[[ Recorded information, beginning ]]
theorem mainTheorem2:
  fixes spk :: "nat \<Rightarrow> bool"
    and msgA :: "'x \<Rightarrow> 'ra \<Rightarrow> 's list \<Rightarrow> 's"
    and msgB :: "'y \<Rightarrow> 'rb \<Rightarrow> 's list \<Rightarrow> 's"
    and outA :: "'x \<Rightarrow> 'ra \<Rightarrow> 's list \<Rightarrow> 'x \<times> 'y"
    and outB :: "'y \<Rightarrow> 'rb \<Rightarrow> 's list \<Rightarrow> 'x \<times> 'y"
    and PA :: "'ra pmf" and PB :: "'rb pmf"
    and n :: nat
  assumes "\<exists>x1 x2 :: 'x. x1 \<noteq> x2"
    and "\<exists>y1 y2 :: 'y. y1 \<noteq> y2"
  shows "\<exists>x y adv.
           (\<forall>ra rb. corruptions (exec spk msgA msgB adv x y ra rb n) \<le> nat \<lceil>real n / 4\<rceil>) \<and>
           measure_pmf.prob (pair_pmf PA PB)
             {(ra, rb). success spk msgA msgB outA outB n adv x y ra rb} \<le> 1 / 2"
proof -
  define c where "c = nat \<lceil>real n / 4\<rceil>"
  have "real n / 4 \<le> real c"
    unfolding c_def using le_of_int_ceiling[of "real n / 4"] by (simp add: of_nat_nat)
  then have "n \<le> 4 * c"
    by simp
  moreover have "{i. i < n \<and> spk i} \<union> {i. i < n \<and> \<not> spk i} = {..<n}"
    by auto
  then have "card {i. i < n \<and> spk i} + card {i. i < n \<and> \<not> spk i} = n"
    by (subst card_Un_disjoint[symmetric]) auto
  ultimately consider "card {i. i < n \<and> spk i} \<le> 2 * c" | "card {i. i < n \<and> \<not> spk i} \<le> 2 * c"
    by linarith
  then show ?thesis
  proof cases
    case 1
    obtain x0 x1 :: 'x where "x0 \<noteq> x1"
      using assms(1) by blast
    from attack_if_alice_speaks_rarely[OF this 1] show ?thesis
      unfolding c_def .
  next
    case 2
    obtain y0 y1 :: 'y where "y0 \<noteq> y1"
      using assms(2) by blast
    from attack_if_bob_speaks_rarely[OF this 2] show ?thesis
      unfolding c_def .
  qed
qed

end
(* Majorisation: each attraction term b = norm (y m - x i) is bounded by the quadratic
   b^2 / (2 a) + a / 2 with a = norm (y m - x' i) (AM-GM, tight at b = a), and each repulsion
   term norm (x i - x j) is bounded below by its tangent plane at x' i - x' j, the norm being
   convex; symmetrising over the pairs (i, j) and (j, i) turns the sum of the tangents into
   exactly the linear term of hQ.
   Minimisation: hQ is a sum over i of isotropic quadratics in x i with curvature
   (sum over m of 1 / norm (x' i - y m)) / (n N) > 0, so completing the square exhibits
   hQ_min as the unique minimiser. *)

lemma le_sq_div_add_half:
  fixes a b :: real
  assumes "a > 0"
  shows "b \<le> b\<^sup>2 / (2 * a) + a / 2"
proof -
  have "2 * a * b \<le> b\<^sup>2 + a\<^sup>2"
    using sum_squares_bound[of a b] by (simp add: power2_eq_square algebra_simps)
  with assms show ?thesis by (simp add: field_simps power2_eq_square)
qed

lemma norm_tangent_le:
  fixes u v :: "'a::real_inner"
  shows "norm v + (u - v) \<bullet> v / norm v \<le> norm u"
proof (cases "v = 0")
  case False
  then have "norm v + (u - v) \<bullet> v / norm v = u \<bullet> v / norm v"
    by (simp add: inner_diff_left field_simps power2_eq_square flip: power2_norm_eq_inner)
  also have "\<dots> \<le> norm u"
    using False norm_cauchy_schwarz[of u v] by (simp add: divide_le_eq)
  finally show ?thesis .
qed simp

lemma sum_offdiag_swap:
  assumes "finite S"
  shows "(\<Sum>i\<in>S. \<Sum>j\<in>S - {i}. f i j) = (\<Sum>i\<in>S. \<Sum>j\<in>S - {i}. f j i)"
proof -
  have "\<And>i. S - {i} = {j. j \<in> S \<and> i \<noteq> j}" "\<And>j. S - {j} = {i. i \<in> S \<and> i \<noteq> j}"
    by auto
  then show ?thesis
    using sum.swap_restrict[OF assms assms, of f "\<lambda>i j. i \<noteq> j"] by simp
qed

lemma sum_pairwise_norm_ge_tangent:
  fixes x p :: "'b \<Rightarrow> 'a::real_inner"
  assumes "finite S"
  shows "(\<Sum>i\<in>S. \<Sum>j\<in>S - {i}. norm (p i - p j) + 2 * ((x i - p i) \<bullet> (p i - p j)) / norm (p i - p j))
    \<le> (\<Sum>i\<in>S. \<Sum>j\<in>S. norm (x i - x j))"
proof -
  define g where "g i j = (x i - p i) \<bullet> (p i - p j) / norm (p i - p j)" for i j
  have g_sum: "g i j + g j i = ((x i - x j) - (p i - p j)) \<bullet> (p i - p j) / norm (p i - p j)" for i j
  proof -
    have "g j i = - ((x j - p j) \<bullet> (p i - p j) / norm (p i - p j))"
      unfolding g_def by (metis inner_minus_right minus_diff_eq minus_divide_left norm_minus_commute)
    then show ?thesis
      by (simp add: g_def inner_diff_left add_divide_distrib diff_divide_distrib)
  qed
  have "(\<Sum>i\<in>S. \<Sum>j\<in>S - {i}. norm (p i - p j) + 2 * ((x i - p i) \<bullet> (p i - p j)) / norm (p i - p j))
      = (\<Sum>i\<in>S. \<Sum>j\<in>S - {i}. norm (p i - p j)) + (\<Sum>i\<in>S. \<Sum>j\<in>S - {i}. g i j)
        + (\<Sum>i\<in>S. \<Sum>j\<in>S - {i}. g i j)"
    by (simp add: g_def sum.distrib sum_distrib_left)
  also have "\<dots> = (\<Sum>i\<in>S. \<Sum>j\<in>S - {i}. norm (p i - p j) + (g i j + g j i))"
    by (simp add: sum.distrib sum_offdiag_swap[OF assms, of g])
  also have "\<dots> \<le> (\<Sum>i\<in>S. \<Sum>j\<in>S - {i}. norm (x i - x j))"
    unfolding g_sum by (intro sum_mono norm_tangent_le)
  also have "\<dots> = (\<Sum>i\<in>S. \<Sum>j\<in>S. norm (x i - x j))"
    using assms by (simp add: sum_diff1)
  finally show ?thesis .
qed

lemma norm_diff_sq:
  fixes u v :: "'a::real_inner"
  shows "(norm (u - v))\<^sup>2 = (norm u)\<^sup>2 - 2 * (u \<bullet> v) + (norm v)\<^sup>2"
  by (simp add: power2_norm_eq_inner inner_diff_left inner_diff_right inner_commute)

lemma sum_weighted_sq_dist_expand:
  fixes y :: "'b \<Rightarrow> 'a::real_inner"
  shows "(\<Sum>m\<in>M. w m * (norm (y m - z))\<^sup>2)
    = (\<Sum>m\<in>M. w m * (norm (y m))\<^sup>2) - 2 * (z \<bullet> (\<Sum>m\<in>M. w m *\<^sub>R y m)) + (\<Sum>m\<in>M. w m) * (norm z)\<^sup>2"
proof -
  have "w m * (norm (y m - z))\<^sup>2 = w m * (norm (y m))\<^sup>2 - 2 * (z \<bullet> (w m *\<^sub>R y m)) + w m * (norm z)\<^sup>2" for m
    by (simp add: norm_diff_sq inner_commute algebra_simps)
  then show ?thesis
    by (simp add: sum.distrib sum_subtractf inner_sum_right sum_distrib_left sum_distrib_right)
qed
(* Let $\nu_1,\dots,\nu_p>0$ and let $\eta_1,\dots,\eta_p$ be independent random variables with $\eta_j\sim\mathcal P(\nu_j)$ (Poisson with mean $\nu_j$). Set $\boldsymbol\eta=(\eta_1,\dots,\eta_p)$, $\boldsymbol\nu=(\nu_1,\dots,\nu_p)$ and $\nu_\infty=\max_j\nu_j$. Then for every $u$ satisfying $\nu_\infty^{-3/2}\le u\le 0.9\,\nu_\infty^{3/2}$, $$\mathbf P\Big(\|\boldsymbol\eta-\boldsymbol\nu\|_2^2-\|\boldsymbol\eta\|_1\ge \nu_\infty\sqrt p\,u\Big)\le(2p+1)e^{-cu^{2/3}},$$ where $c\ge 0.38$ is a universal constant (one may take $c=12^{1/3}/6$).
   Context: $\|\cdot\|_2$ and $\|\cdot\|_1$ are the Euclidean and $\ell_1$ norms on $\mathbb R^p$. *)

theory Defs
  imports "HOL-Probability.Probability"
begin

end

theory Submission
  imports Defs
begin

(*
  Truncate each summand (eta_j - nu_j)^2 - eta_j to the window |eta_j - nu_j| <= t. Leaving the
  window is controlled by Chernoff bounds for the Poisson tails, exp(-t^2/(2 nu_j + t)) above and
  exp(-t^2/(2 nu_j)) below. Inside the window the summands are independent, lie in
  [-nu_j - 1/4, t^2] and have non-positive mean: the partial sums of E[(eta - nu)^2 - eta] = 0
  telescope to n (nu - n + 1) P(eta = n), and for t >= 1 the two boundary terms have the right
  sign. Hoeffding's inequality bounds the remaining event. With w = u^(2/3) and
  t^2 = 5/4 nu_inf w all 2p + 1 exponents are at least c w; only c <= 0.382 is used.
*)

lemma ln_add_one_ge_div:
  fixes x :: real
  assumes "0 \<le> x"
  shows "2 * x / (2 + x) \<le> ln (1 + x)"
proof -
  let ?f = "\<lambda>x::real. ln (1 + x) - 2 * x / (2 + x)"
  have "?f 0 \<le> ?f x"
  proof (rule DERIV_nonneg_imp_nondecreasing[OF assms])
    fix y :: real
    assume y: "0 \<le> y" "y \<le> x"
    have "(?f has_real_derivative (1 / (1 + y) - 4 / (2 + y)^2)) (at y)"
      using y by (intro derivative_eq_intros) (auto simp: power2_eq_square)
    moreover have "1 / (1 + y) - 4 / (2 + y)^2 = y^2 / ((1 + y) * (2 + y)^2)"
      using y by (simp add: divide_simps power2_eq_square) (simp add: algebra_simps)
    ultimately show "\<exists>d. (?f has_real_derivative d) (at y) \<and> 0 \<le> d"
      using y by auto
  qed
  then show ?thesis by simp
qed

lemma exp_minus_le_quadratic:
  fixes x :: real
  assumes "0 \<le> x"
  shows "exp (- x) \<le> 1 - x + x^2 / 2"
proof -
  let ?f = "\<lambda>x::real. 1 - x + x^2 / 2 - exp (- x)"
  have "?f 0 \<le> ?f x"
  proof (rule DERIV_nonneg_imp_nondecreasing[OF assms])
    fix y :: real
    assume "0 \<le> y" "y \<le> x"
    have "(?f has_real_derivative (y - 1 + exp (- y))) (at y)"
      by (auto intro!: derivative_eq_intros simp: field_simps power2_eq_square)
    moreover have "0 \<le> y - 1 + exp (- y)"
      using exp_ge_add_one_self[of "- y"] by simp
    ultimately show "\<exists>d. (?f has_real_derivative d) (at y) \<and> 0 \<le> d"
      by blast
  qed
  then show ?thesis by simp
qed

lemma measure_pmf_prob_le_suminf:
  fixes q :: "nat pmf" and f :: "nat \<Rightarrow> real"
  assumes "\<And>k. 0 \<le> f k" and "\<And>k. k \<in> A \<Longrightarrow> 1 \<le> f k"
    and "summable (\<lambda>k. pmf q k * f k)"
  shows "measure_pmf.prob q A \<le> (\<Sum>k. pmf q k * f k)"
proof -
  have "emeasure (measure_pmf q) A = (\<integral>\<^sup>+k. indicator A k \<partial>measure_pmf q)"
    by simp
  also have "\<dots> \<le> (\<integral>\<^sup>+k. ennreal (f k) \<partial>measure_pmf q)"
    using assms(1,2) by (intro nn_integral_mono) (auto split: split_indicator)
  also have "\<dots> = (\<Sum>k. ennreal (pmf q k * f k))"
    by (simp add: nn_integral_measure_pmf nn_integral_count_space_nat ennreal_mult assms(1))
  also have "\<dots> = ennreal (\<Sum>k. pmf q k * f k)"
    using assms(1,3) by (intro suminf_ennreal2) auto
  finally show ?thesis
    using assms(1,3) by (simp add: measure_pmf.emeasure_eq_measure suminf_nonneg)
qed

lemma poisson_mgf_sums:
  fixes \<nu> s :: real
  assumes "0 < \<nu>"
  shows "(\<lambda>k. pmf (poisson_pmf \<nu>) k * exp (s * real k)) sums exp (\<nu> * (exp s - 1))"
proof -
  have "(\<lambda>k. exp (- \<nu>) * ((\<nu> * exp s)^k / fact k)) sums (exp (- \<nu>) * exp (\<nu> * exp s))"
    using exp_converges[of "\<nu> * exp s"] by (intro sums_mult) (simp add: divide_inverse mult.commute)
  moreover have "exp (- \<nu>) * exp (\<nu> * exp s) = exp (\<nu> * (exp s - 1))"
    by (simp add: mult_exp_exp algebra_simps)
  moreover have "pmf (poisson_pmf \<nu>) k * exp (s * real k) = exp (- \<nu>) * ((\<nu> * exp s)^k / fact k)" for k
    using assms by (simp add: power_mult_distrib exp_of_nat_mult[symmetric] mult.commute)
  ultimately show ?thesis
    by simp
qed

lemma poisson_chernoff:
  fixes \<nu> s a :: real
  assumes "0 < \<nu>"
  shows "measure_pmf.prob (poisson_pmf \<nu>) {k. a \<le> s * real k} \<le> exp (\<nu> * (exp s - 1) - a)"
proof -
  have sums: "(\<lambda>k. pmf (poisson_pmf \<nu>) k * exp (s * real k - a)) sums (exp (\<nu> * (exp s - 1)) * exp (- a))"
    using sums_mult2[OF poisson_mgf_sums[OF assms, of s], of "exp (- a)"]
    by (simp add: exp_diff exp_minus divide_inverse mult.assoc)
  have "measure_pmf.prob (poisson_pmf \<nu>) {k. a \<le> s * real k} \<le> (\<Sum>k. pmf (poisson_pmf \<nu>) k * exp (s * real k - a))"
    using sums by (intro measure_pmf_prob_le_suminf) (auto simp: sums_iff)
  also have "\<dots> = exp (\<nu> * (exp s - 1) - a)"
    using sums by (simp add: sums_iff exp_diff exp_minus divide_inverse)
  finally show ?thesis .
qed

lemma poisson_upper_tail:
  fixes \<nu> t :: real
  assumes "0 < \<nu>" and "0 \<le> t"
  shows "measure_pmf.prob (poisson_pmf \<nu>) {k. \<nu> + t \<le> real k} \<le> exp (- (t^2 / (2 * \<nu> + t)))"
proof -
  \<comment> \<open>the optimal Chernoff parameter; \<open>ln_add_one_ge_div\<close> turns the Bennett exponent into t^2/(2 nu + t)\<close>
  define s where "s = ln (1 + t / \<nu>)"
  have "2 * t / (2 * \<nu> + t) = 2 * (t / \<nu>) / (2 + t / \<nu>)"
    using assms by (simp add: field_simps)
  also have "\<dots> \<le> s"
    unfolding s_def using assms by (intro ln_add_one_ge_div) auto
  finally have "2 * t / (2 * \<nu> + t) * (\<nu> + t) \<le> s * (\<nu> + t)"
    using assms by (intro mult_right_mono) auto
  moreover have "t - 2 * t / (2 * \<nu> + t) * (\<nu> + t) = - (t^2 / (2 * \<nu> + t))"
    using assms by (simp add: field_simps power2_eq_square)
  ultimately have exponent: "t - s * (\<nu> + t) \<le> - (t^2 / (2 * \<nu> + t))"
    by linarith
  have mgf: "\<nu> * (exp s - 1) = t"
    unfolding s_def using assms by (subst exp_ln) (auto intro: add_pos_nonneg)
  have "{k. \<nu> + t \<le> real k} \<subseteq> {k. s * (\<nu> + t) \<le> s * real k}"
    using assms by (auto simp: s_def intro: mult_left_mono)
  then have "measure_pmf.prob (poisson_pmf \<nu>) {k. \<nu> + t \<le> real k}
      \<le> measure_pmf.prob (poisson_pmf \<nu>) {k. s * (\<nu> + t) \<le> s * real k}"
    by (rule measure_pmf.finite_measure_mono) simp
  also have "\<dots> \<le> exp (t - s * (\<nu> + t))"
    using poisson_chernoff[OF assms(1), of "s * (\<nu> + t)" s] mgf by simp
  also have "\<dots> \<le> exp (- (t^2 / (2 * \<nu> + t)))"
    using exponent by simp
  finally show ?thesis .
qed

lemma poisson_lower_tail:
  fixes \<nu> t :: real
  assumes "0 < \<nu>" and "0 \<le> t"
  shows "measure_pmf.prob (poisson_pmf \<nu>) {k. real k \<le> \<nu> - t} \<le> exp (- (t^2 / (2 * \<nu>)))"
proof -
  define s where "s = t / \<nu>"
  have "\<nu> * (exp (- s) - 1) \<le> \<nu> * (- s + s^2 / 2)"
    using exp_minus_le_quadratic[of s] assms by (intro mult_left_mono) (auto simp: s_def)
  moreover have "\<nu> * (- s + s^2 / 2) + s * (\<nu> - t) = - (t^2 / (2 * \<nu>))"
    using assms by (simp add: s_def field_simps power2_eq_square)
  ultimately have exponent: "\<nu> * (exp (- s) - 1) - (- s * (\<nu> - t)) \<le> - (t^2 / (2 * \<nu>))"
    by linarith
  have "0 \<le> s"
    using assms by (simp add: s_def)
  then have "{k. real k \<le> \<nu> - t} \<subseteq> {k. - s * (\<nu> - t) \<le> - s * real k}"
    by (auto intro: mult_left_mono)
  then have "measure_pmf.prob (poisson_pmf \<nu>) {k. real k \<le> \<nu> - t}
      \<le> measure_pmf.prob (poisson_pmf \<nu>) {k. - s * (\<nu> - t) \<le> - s * real k}"
    by (rule measure_pmf.finite_measure_mono) simp
  also have "\<dots> \<le> exp (\<nu> * (exp (- s) - 1) - (- s * (\<nu> - t)))"
    by (rule poisson_chernoff[OF assms(1)])
  also have "\<dots> \<le> exp (- (t^2 / (2 * \<nu>)))"
    using exponent by simp
  finally show ?thesis .
qed

lemma measure_Pi_pmf_component:
  assumes "finite I" and "i \<in> I"
  shows "measure_pmf.prob (Pi_pmf I dflt D) {g. P (g i)} = measure_pmf.prob (D i) {x. P x}"
proof -
  have "measure_pmf.prob (Pi_pmf I dflt D) {g. P (g i)}
      = measure_pmf.prob (map_pmf (\<lambda>g. g i) (Pi_pmf I dflt D)) {x. P x}"
    by (simp add: vimage_def)
  also have "map_pmf (\<lambda>g. g i) (Pi_pmf I dflt D) = D i"
    using assms by (simp add: Pi_pmf_component)
  finally show ?thesis .
qed

lemma expectation_Pi_pmf_component:
  fixes f :: "'a \<Rightarrow> real"
  assumes "finite I" and "i \<in> I"
  shows "measure_pmf.expectation (Pi_pmf I dflt D) (\<lambda>g. f (g i)) = measure_pmf.expectation (D i) f"
proof -
  have "measure_pmf.expectation (Pi_pmf I dflt D) (\<lambda>g. f (g i))
      = measure_pmf.expectation (map_pmf (\<lambda>g. g i) (Pi_pmf I dflt D)) f"
    by simp
  also have "map_pmf (\<lambda>g. g i) (Pi_pmf I dflt D) = D i"
    using assms by (simp add: Pi_pmf_component)
  finally show ?thesis .
qed

lemma Pi_pmf_Hoeffding_ge:
  fixes D :: "'i \<Rightarrow> 'a pmf" and Z :: "'i \<Rightarrow> 'a \<Rightarrow> real"
  assumes "finite I" and "I \<noteq> {}" and "a < b" and "0 \<le> s"
    and bounds: "\<And>i x. i \<in> I \<Longrightarrow> Z i x \<in> {a..b}"
    and mean_nonpos: "\<And>i. i \<in> I \<Longrightarrow> measure_pmf.expectation (D i) (Z i) \<le> 0"
  shows "measure_pmf.prob (Pi_pmf I dflt D) {g. s \<le> (\<Sum>i\<in>I. Z i (g i))}
         \<le> exp (- 2 * s^2 / (real (card I) * (b - a)^2))"
proof -
  define Q where "Q = Pi_pmf I dflt D"
  define \<mu> where "\<mu> = (\<Sum>i\<in>I. measure_pmf.expectation Q (\<lambda>g. Z i (g i)))"
  interpret Hoeffding_ineq "measure_pmf Q" I "\<lambda>i g. Z i (g i)" "\<lambda>_. a" "\<lambda>_. b" \<mu>
  proof unfold_locales
    show "prob_space.indep_vars (measure_pmf Q) (\<lambda>_. borel) (\<lambda>i g. Z i (g i)) I"
      unfolding Q_def using assms(1)
      by (intro prob_space.indep_vars_compose2[OF _ indep_vars_Pi_pmf])
         (auto simp: measure_pmf.prob_space_axioms)
  qed (use assms(1) bounds in \<open>auto simp: \<mu>_def\<close>)
  have "\<mu> \<le> 0"
    unfolding \<mu>_def Q_def using assms(1) mean_nonpos
    by (intro sum_nonpos) (simp add: expectation_Pi_pmf_component)
  then have "{g. s \<le> (\<Sum>i\<in>I. Z i (g i))} \<subseteq> {g \<in> space (measure_pmf Q). \<mu> + s \<le> (\<Sum>i\<in>I. Z i (g i))}"
    by auto
  then have "measure_pmf.prob Q {g. s \<le> (\<Sum>i\<in>I. Z i (g i))}
      \<le> measure_pmf.prob Q {g \<in> space (measure_pmf Q). \<mu> + s \<le> (\<Sum>i\<in>I. Z i (g i))}"
    by (rule measure_pmf.finite_measure_mono) simp
  also have "\<dots> \<le> exp (- 2 * s^2 / (\<Sum>i\<in>I. (b - a)^2))"
    using assms by (intro Hoeffding_ineq_ge) (auto simp: card_gt_0_iff)
  finally show ?thesis
    by (simp add: Q_def)
qed

definition truncated_excess :: "real \<Rightarrow> real \<Rightarrow> nat \<Rightarrow> real" where
  "truncated_excess \<nu> t k = (if \<bar>real k - \<nu>\<bar> \<le> t then (real k - \<nu>)^2 - real k else 0)"
lemma eventually_powr_near_1:
  fixes a e :: real
  assumes "0 < e"
  shows "eventually (\<lambda>\<delta>. \<forall>s. \<bar>s - 1\<bar> \<le> \<delta> \<longrightarrow> \<bar>s powr a - 1\<bar> \<le> e) (at_right 0)"
proof -
  have "isCont (\<lambda>s. s powr a) 1"
    by (intro continuous_intros) auto
  then obtain d where "0 < d" and d: "\<And>s. \<bar>s - 1\<bar> < d \<Longrightarrow> \<bar>s powr a - 1\<bar> < e"
    using assms unfolding continuous_at_eps_delta dist_real_def by force
  then show ?thesis
    using eventually_at_right_real[OF \<open>0 < d\<close>]
    by (elim eventually_mono) (auto intro: less_imp_le d)
qed

lemma eventually_mult_powr_le:
  fixes c e p :: real
  assumes "0 < p" "0 < e"
  shows "eventually (\<lambda>\<delta>. c * \<delta> powr p \<le> e) (at_right 0)"
proof -
  have "((\<lambda>\<delta>. c * \<delta> powr p) \<longlongrightarrow> c * 0) (at_right 0)"
    by (intro tendsto_intros tendsto_zero_powrI[OF _ tendsto_const _ assms(1)])
       (auto intro: tendsto_ident_at eventually_at_right_less[THEN eventually_mono])
  from order_tendstoD(2)[OF this, of e] assms(2) show ?thesis
    by (auto elim: eventually_mono)
qed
[[ Recorded information, end ]]
**Assignment:** Each line holding the word "imports" must be copied from the data.

**Exercise result:**
  imports "HOL-Probability.Probability"
  imports Defs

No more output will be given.